The death of Robin Williams on Monday was met with shock and an outpouring of grief from friends, colleagues and fans of the Oscar-winning actor and comedian, in the real world and online. Along with tributes on the streets of Hollywood and countless celebrity tweets mourning his passing, some of Williams' former co-stars and fellow comedians penned in-depth remembrances of him.
Dante Basco, who played Rufio opposite Williams' grown-up Peter Pan in "Hook," wrote on his blog that Williams was "one of the greatest I've been able to work with and be around."

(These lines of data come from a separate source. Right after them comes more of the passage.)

(* Since phi(a n) / (a n) = prod_{p | a n} (1 - 1/p), one has
   phi(a n) = phi(a) n sum_{f | n, (f, a) = 1} mu(f) / f, so the sum over n <= x equals
   phi(a1) phi(a2) sum_{f1, f2 <= x, (f_i, a_i) = 1} mu(f1) mu(f2) / (f1 f2) sum_{n <= x, [f1, f2] | n} n^2,
   and the inner sum is x^3 / (3 [f1, f2]) + O(x^2). On the other hand, writing each squarefree d_i
   uniquely as e_i f_i with e_i | a_i and (f_i, a_i) = 1 turns the series defining C_1 into
   phi(a1) phi(a2) / 3 times the series of mu(f1) mu(f2) / (f1 f2 [f1, f2]) over such f_i. As
   1 / (f1 f2 [f1, f2]) <= 1 / (f1 f2 max(f1, f2)), the tail of this series outside [1, x]^2 is
   O(log x / x). Altogether the error is O(phi(a1) phi(a2) x^2 log^2 x), and
   phi(a1) phi(a2) <= a1 a2 <= sigma(a1 a2). *)

section \<open>Moebius sums over divisors\<close>

lemma mobius_mult_coprime:
  assumes "coprime a b"
  shows "mobius (a * b) = mobius a * mobius b"
proof (cases "a = 0 \<or> b = 0")
  case True
  then show ?thesis by (auto simp: mobius_def)
next
  case False
  have "squarefree (a * b) \<longleftrightarrow> squarefree a \<and> squarefree b"
    using assms squarefree_mult_coprime squarefree_multD by blast
  moreover have "prime_factors (a * b) = prime_factors a \<union> prime_factors b"
    using False by (intro prime_factors_product) auto
  moreover have "prime_factors a \<inter> prime_factors b = {}"
    using assms by (auto simp: prime_factors_dvd dest: coprime_common_divisor not_prime_unit)
  ultimately show ?thesis
    using False by (auto simp: mobius_def power_add card_Un_disjoint)
qed

lemma abs_mobius_le_one: "\<bar>mobius n\<bar> \<le> 1"
  by (simp add: mobius_def)

lemma prime_factors_prod_primes:
  fixes X :: "nat set"
  assumes "finite X" "\<And>p. p \<in> X \<Longrightarrow> prime p"
  shows "prime_factors (\<Prod>X) = X"
proof -
  have "prime_factorization (\<Prod>X) = (\<Sum>p\<in>X. prime_factorization p)"
    using assms by (intro prime_factorization_prod) (auto dest: prime_gt_0_nat)
  also have "\<dots> = (\<Sum>p\<in>X. {#p#})"
    using assms by (intro sum.cong refl) (simp add: prime_factorization_prime)
  also have "\<dots> = mset_set X" using assms(1) by (induction rule: finite_induct) auto
  finally show ?thesis using assms(1) by simp
qed

lemma squarefree_prod_primes:
  fixes X :: "nat set"
  assumes "finite X" "\<And>p. p \<in> X \<Longrightarrow> prime p"
  shows "squarefree (\<Prod>X)"
  using assms by (intro squarefree_prod_coprime) (auto intro: squarefree_prime primes_coprime)

lemma prod_prime_factors_squarefree:
  fixes n :: nat
  assumes "squarefree n"
  shows "\<Prod>(prime_factors n) = n"
proof -
  have n: "n > 0" using assms by (auto intro: Nat.gr0I)
  have "n = (\<Prod>p \<in> prime_factors n. p ^ multiplicity p n)"
    using n by (rule prime_factorization_nat)
  also have "\<dots> = \<Prod>(prime_factors n)"
    using assms n by (intro prod.cong refl) (simp add: squarefree_factorial_semiring')
  finally show ?thesis by simp
qed

lemma mobius_prod_primes:
  fixes X :: "nat set"
  assumes "finite X" "\<And>p. p \<in> X \<Longrightarrow> prime p"
  shows "mobius (\<Prod>X) = (-1) ^ card X"
  using assms squarefree_prod_primes[OF assms] prime_factors_prod_primes[OF assms]
  by (auto simp: mobius_def dest: prime_gt_0_nat)

lemma prod_primes_dvd:
  fixes X :: "nat set"
  assumes "finite X" "\<And>p. p \<in> X \<Longrightarrow> prime p \<and> p dvd n"
  shows "\<Prod>X dvd n"
  using assms
proof (induction X rule: finite_induct)
  case (insert p X)
  have "coprime p (\<Prod>X)"
    using insert by (intro prod_coprime_right) (auto intro: primes_coprime)
  with insert show ?case by (auto intro: divides_mult)
qed simp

Basco also said: "I was lucky to work with him as an actor and witness first hand the magic of what made him a legend, the wit and other worldly improv skills. … With 'Hook' and so many other films, I, like millions of others became a fan and was always delightfully surprised by the performances he managed to produce, but with his passing, I can't help to feel, along with my generation … I can't help feeling like it's the death of my childhood. I guess we can't stay in Neverland forever, we must all [grow] up."
Actor and comedian Gilbert Gottfried costarred with Williams in Disney's hit animated movie "Aladdin," but as he recounted in a CNN piece, they recorded their lines separately and didn't cross paths.
"When I saw the film for the first time at the premiere, I was able to laugh along with the rest of the audience at Robin's performance," Gottfried wrote. "I had never heard it before."
Gottfried did often bump into Williams on the comedy circuit, however, and said, "Riffing with Robin Williams was extremely invigorating — and extremely exhausting. I knew I had to be on my toes every second. And when we would actually connect onstage, it was electric for me. To see Robin perform was an experience. He was more than a comedian. He was a comedy force of nature."
Alan Alda, who co-hosted the Academy Awards with Williams and Jane Fonda in 1986, penned a piece for Time describing Williams as a singular talent but also a troubled mind.
Alda wrote, "Where did his fearlessness come from? The night that he and Jane Fonda and I hosted the Academy Awards show together, he kept coming up with outrageous jokes in the wings. But before he went out on stage, he seemed to be using me as his taste monitor. He would think of a line and say, 'Is that too tasteless?' Invariably, I'd say, 'Yes, it's too tasteless,' and invariably he'd go on stage, say the line and kill with it."
Alda added, "Unfortunately, sometimes the mind that runs so fast it can't keep up with itself also has its down time. I didn't know he suffered from depression, although it doesn't surprise me. But it makes me want to do something. I hope it makes us all want to do something."
Jim Norton, also writing for Time, said he and his fellow comics all admired Williams. "No one will ever know exactly what Robin Williams was thinking and feeling when he made the decision to end his pain the way he did. But I do know he wasn't seeing himself the way the rest of us saw him."
Norton continued, "The funniest people I know always seem to be the ones surrounded by darkness. And that's probably why they're the funniest. The deeper the pit, the more humor you need to dig yourself out of it."
Paul F. Tomkins, another comedian inspired by Williams, wrote an appreciation for Fusion. "Robin Williams meant a lot to me when I was a kid," Tomkins said. "I knew nothing of drug use or depression. It never occurred to me that comedians, these magical creatures that I worshiped, ever felt anything other than the serene satisfaction derived from making people laugh. Eventually, I started doing stand-up myself, and I very quickly learned that comedians were all too human. "
Tomkins added, "Robin Williams will live on in shadows and light and sound, at least. He will continue to comfort weird little kids (and odd adults, for that matter) with his performances, those who know his work today and those who have yet to be born, who may experience him ten, fifty, a hundred years from now."